1. Der Verein führt den Namen „Hospiz im Landkreis Göppingen e.V.“

2. Er hat seinen Sitz in Göppingen und wird in das Vereinsregister des Amtsgerichts Göppingen eingetragen.

3. Der Verein strebt die Mitgliedschaft im Diakonischen Werk der evang. Kirche in Württemberg e.V. an (Spitzenverband der freien Wohlfahrtspflege).

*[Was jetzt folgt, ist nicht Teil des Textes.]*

lemma sum_power_le_sum_of_powers:
  fixes f :: "'a \<Rightarrow> real"
  assumes "finite I" "I \<noteq> {}" "\<And>i. i \<in> I \<Longrightarrow> 0 \<le> f i" "1 \<le> d"
  shows "(\<Sum>i\<in>I. f i) ^ d \<le> (\<Sum>i\<in>I. f i ^ d) * real (card I) ^ (d - 1)"
proof -
  have convex: "convex_on {0..} (\<lambda>x::real. x ^ d)"
    by (cases "even d") (auto intro: convex_on_subset convex_power_even convex_power_odd)
  define c where "c = real (card I)"
  have c: "0 < c"
    using assms unfolding c_def by (simp add: card_gt_0_iff)
  have "(\<Sum>i\<in>I. (1 / c) *\<^sub>R f i) ^ d \<le> (\<Sum>i\<in>I. 1 / c * f i ^ d)"
    using convex_on_sum[OF assms(1,2) convex, of "\<lambda>_. 1 / c" f] assms(3) c
    unfolding c_def by simp
  then have "(\<Sum>i\<in>I. f i) ^ d / c ^ d \<le> (\<Sum>i\<in>I. f i ^ d) / c"
    by (simp add: power_divide flip: sum_distrib_left sum_divide_distrib)
  moreover have "c ^ d = c * c ^ (d - 1)"
    using assms(4) by (simp add: power_eq_if)
  ultimately show ?thesis
    using c unfolding c_def by (simp add: field_simps)
qed

lemma binomial_mass_near_mean:
  fixes a :: real
  assumes "0 \<le> a" "1 \<le> n"
  shows "3 / 4 * (1 + a) ^ n
       \<le> (\<Sum>k\<in>{k\<in>{..n}. \<bar>real k - real n * a / (1 + a)\<bar> < sqrt n}. real (n choose k) * a ^ k)"
proof -
  define A where "A k = real (n choose k) * a ^ k" for k
  define g where "g k = (real k - real n * a / (1 + a))\<^sup>2" for k
  define W where "W = {k\<in>{..n}. \<bar>real k - real n * a / (1 + a)\<bar> < sqrt n}"
  have A: "0 \<le> A k" for k
    unfolding A_def using assms by simp
  have "\<bar>t\<bar> < sqrt n \<longleftrightarrow> t\<^sup>2 < real n" for t
    by (metis real_sqrt_abs real_sqrt_less_iff)
  then have "{..n} - W = {k\<in>{..n}. real n \<le> g k}"
    unfolding W_def g_def by auto
  moreover have "(\<Sum>k\<in>{k\<in>{..n}. real n \<le> g k}. A k) \<le> (\<Sum>k\<le>n. A k * g k) / real n"
    using assms A by (intro markov_inequality_sum) (auto simp: g_def)
  ultimately have "(\<Sum>k\<in>{..n} - W. A k) \<le> (\<Sum>k\<le>n. A k * g k) / real n"
    by simp
  also have "\<dots> = a / (1 + a)\<^sup>2 * (1 + a) ^ n"
    unfolding A_def g_def using assms binomial_ring_variance[of a n] by simp
  also have "\<dots> \<le> 1 / 4 * (1 + a) ^ n"
  proof (rule mult_right_mono)
    have "0 \<le> (1 - a)\<^sup>2"
      by simp
    then have "4 * a \<le> (1 + a)\<^sup>2"
      by (simp add: power2_eq_square algebra_simps)
    then show "a / (1 + a)\<^sup>2 \<le> 1 / 4"
      using assms by (simp add: pos_divide_le_eq)
  qed (use assms in simp)
  finally have "(\<Sum>k\<in>{..n} - W. A k) \<le> 1 / 4 * (1 + a) ^ n" .
  moreover have "(\<Sum>k\<in>{..n} - W. A k) = (1 + a) ^ n - (\<Sum>k\<in>W. A k)"
    unfolding A_def W_def by (subst sum_diff) (auto simp: binomial_ring_row_sum)
  ultimately show ?thesis
    unfolding A_def W_def by simp
qed

lemma binomial_power_sum_lower_bound:
  fixes a :: real
  assumes "0 \<le> a" "1 \<le> n" "1 \<le> d"
  shows "3 / 4 ^ d * ((1 + a) ^ (d * n) / sqrt n ^ (d - 1)) \<le> (\<Sum>k\<le>n. (real (n choose k) * a ^ k) ^ d)"
proof -
  define A where "A k = real (n choose k) * a ^ k" for k
  define T where "T = (1 + a) ^ n"
  define c where "c = real n * a / (1 + a)"
  define W where "W = {k\<in>{..n}. \<bar>real k - c\<bar> < sqrt n}"
  have A: "0 \<le> A k" for k
    unfolding A_def using assms by simp
  have T: "0 < T"
    unfolding T_def using assms by simp
  have mass: "3 / 4 * T \<le> (\<Sum>k\<in>W. A k)"
    unfolding A_def T_def W_def c_def by (rule binomial_mass_near_mean[OF assms(1,2)])
  have "card W \<le> card {k::nat. \<bar>real k - c\<bar> < sqrt n}"
    by (rule card_mono[OF card_nat_dist_less(1)]) (auto simp: W_def)
  then have "real (card W) \<le> 2 * sqrt n + 1"
    using card_nat_dist_less(2)[of "sqrt n" c] by simp
  also have "\<dots> \<le> 3 * sqrt n"
    using assms by simp
  finally have card: "real (card W) \<le> 3 * sqrt n" .
  have "W \<noteq> {}"
    using mass T by auto
  have sum_W: "(\<Sum>k\<in>W. A k ^ d) \<le> (\<Sum>k\<le>n. A k ^ d)"
    using A by (intro sum_mono2) (auto simp: W_def)
  have "(3 / 4 * T) ^ d \<le> (\<Sum>k\<in>W. A k) ^ d"
    using mass T by (intro power_mono) auto
  also have "\<dots> \<le> (\<Sum>k\<in>W. A k ^ d) * real (card W) ^ (d - 1)"
    using sum_power_le_sum_of_powers[of W A d] \<open>W \<noteq> {}\<close> A assms by (simp add: W_def)
  also have "\<dots> \<le> (\<Sum>k\<le>n. A k ^ d) * (3 * sqrt n) ^ (d - 1)"
    using card sum_W A by (intro mult_mono power_mono sum_nonneg zero_le_power) auto
  finally have "(3 / 4 * T) ^ d / (3 * sqrt n) ^ (d - 1) \<le> (\<Sum>k\<le>n. A k ^ d)"
    using assms by (simp add: pos_divide_le_eq)
  moreover have "(3 / 4 * T) ^ d / (3 * sqrt n) ^ (d - 1) = 3 / 4 ^ d * (T ^ d / sqrt n ^ (d - 1))"
  proof -
    have "(3::real) ^ d = 3 * 3 ^ (d - 1)"
      using assms by (simp flip: power_Suc)
    then have "(3 / 4 * T) ^ d = 3 * 3 ^ (d - 1) * T ^ d / 4 ^ d"
      by (simp only: power_mult_distrib power_divide times_divide_eq_left)
    moreover have "(3 * sqrt n) ^ (d - 1) = 3 ^ (d - 1) * sqrt n ^ (d - 1)"
      by (rule power_mult_distrib)
    ultimately show ?thesis
      using assms by simp
  qed
  moreover have "(1 + a) ^ (d * n) = T ^ d"
    unfolding T_def by (metis power_mult mult.commute)
  ultimately show ?thesis
    unfolding A_def by simp
qed

lemma mult_exp_neg_half_le:
  fixes y :: real
  assumes "4 \<le> y"
  shows "y * exp (- y / 2) \<le> 4 * exp (- 2)"
proof -
  have "y / 4 \<le> 1 + (y - 4) / 2"
    using assms by (simp add: field_simps)
  also have "\<dots> \<le> exp ((y - 4) / 2)"
    by (rule exp_ge_add_one_self)
  finally have "y * exp (- y / 2) \<le> 4 * exp ((y - 4) / 2) * exp (- y / 2)"
    by (simp add: mult_right_mono)
  also have "\<dots> = 4 * exp (- 2)"
    by (simp add: mult.assoc field_simps flip: exp_add)
  finally show ?thesis .
qed

lemma max_mult_exp_le:
  fixes u v :: real
  assumes "v \<le> u" "4 \<le> u"
  shows "max 4 v * exp (- (1 / 2) * u) \<le> 4 * exp (- 2)"
proof -
  have "max 4 v * exp (- (1 / 2) * u) \<le> u * exp (- (1 / 2) * u)"
    using assms by (intro mult_right_mono) simp_all
  also have "\<dots> = u * exp (- u / 2)"
    by simp
  also have "\<dots> \<le> 4 * exp (- 2)"
    by (rule mult_exp_neg_half_le[OF assms(2)])
  finally show ?thesis .
qed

4. Das Geschäftsjahr ist das Kalenderjahr.


§ 2 Aufgaben und Zweck

Zweck des Vereins ist – als christliche Lebens- und Wesensäußerung und Auftrag zur tätigen Nächstenliebe – die Begleitung, Betreuung, Versorgung und Pflege schwerstkranker und sterbender Menschen und die Unterstützung ihrer Angehörigen, unabhängig von ihrer religiösen, weltanschaulichen, kulturellen und politischen Einstellung. Dies geschieht in erster Linie durch die Einrichtung und den Betrieb eines stationären Hospizes für den Landkreis Göppingen und durch den weiteren Ausbau der ambulanten Hospizarbeit im Landkreis Göppingen, beides in Kooperation mit dem Förderverein Hospizbewegung, und die Vornahme aller damit verbundenen Aufgaben.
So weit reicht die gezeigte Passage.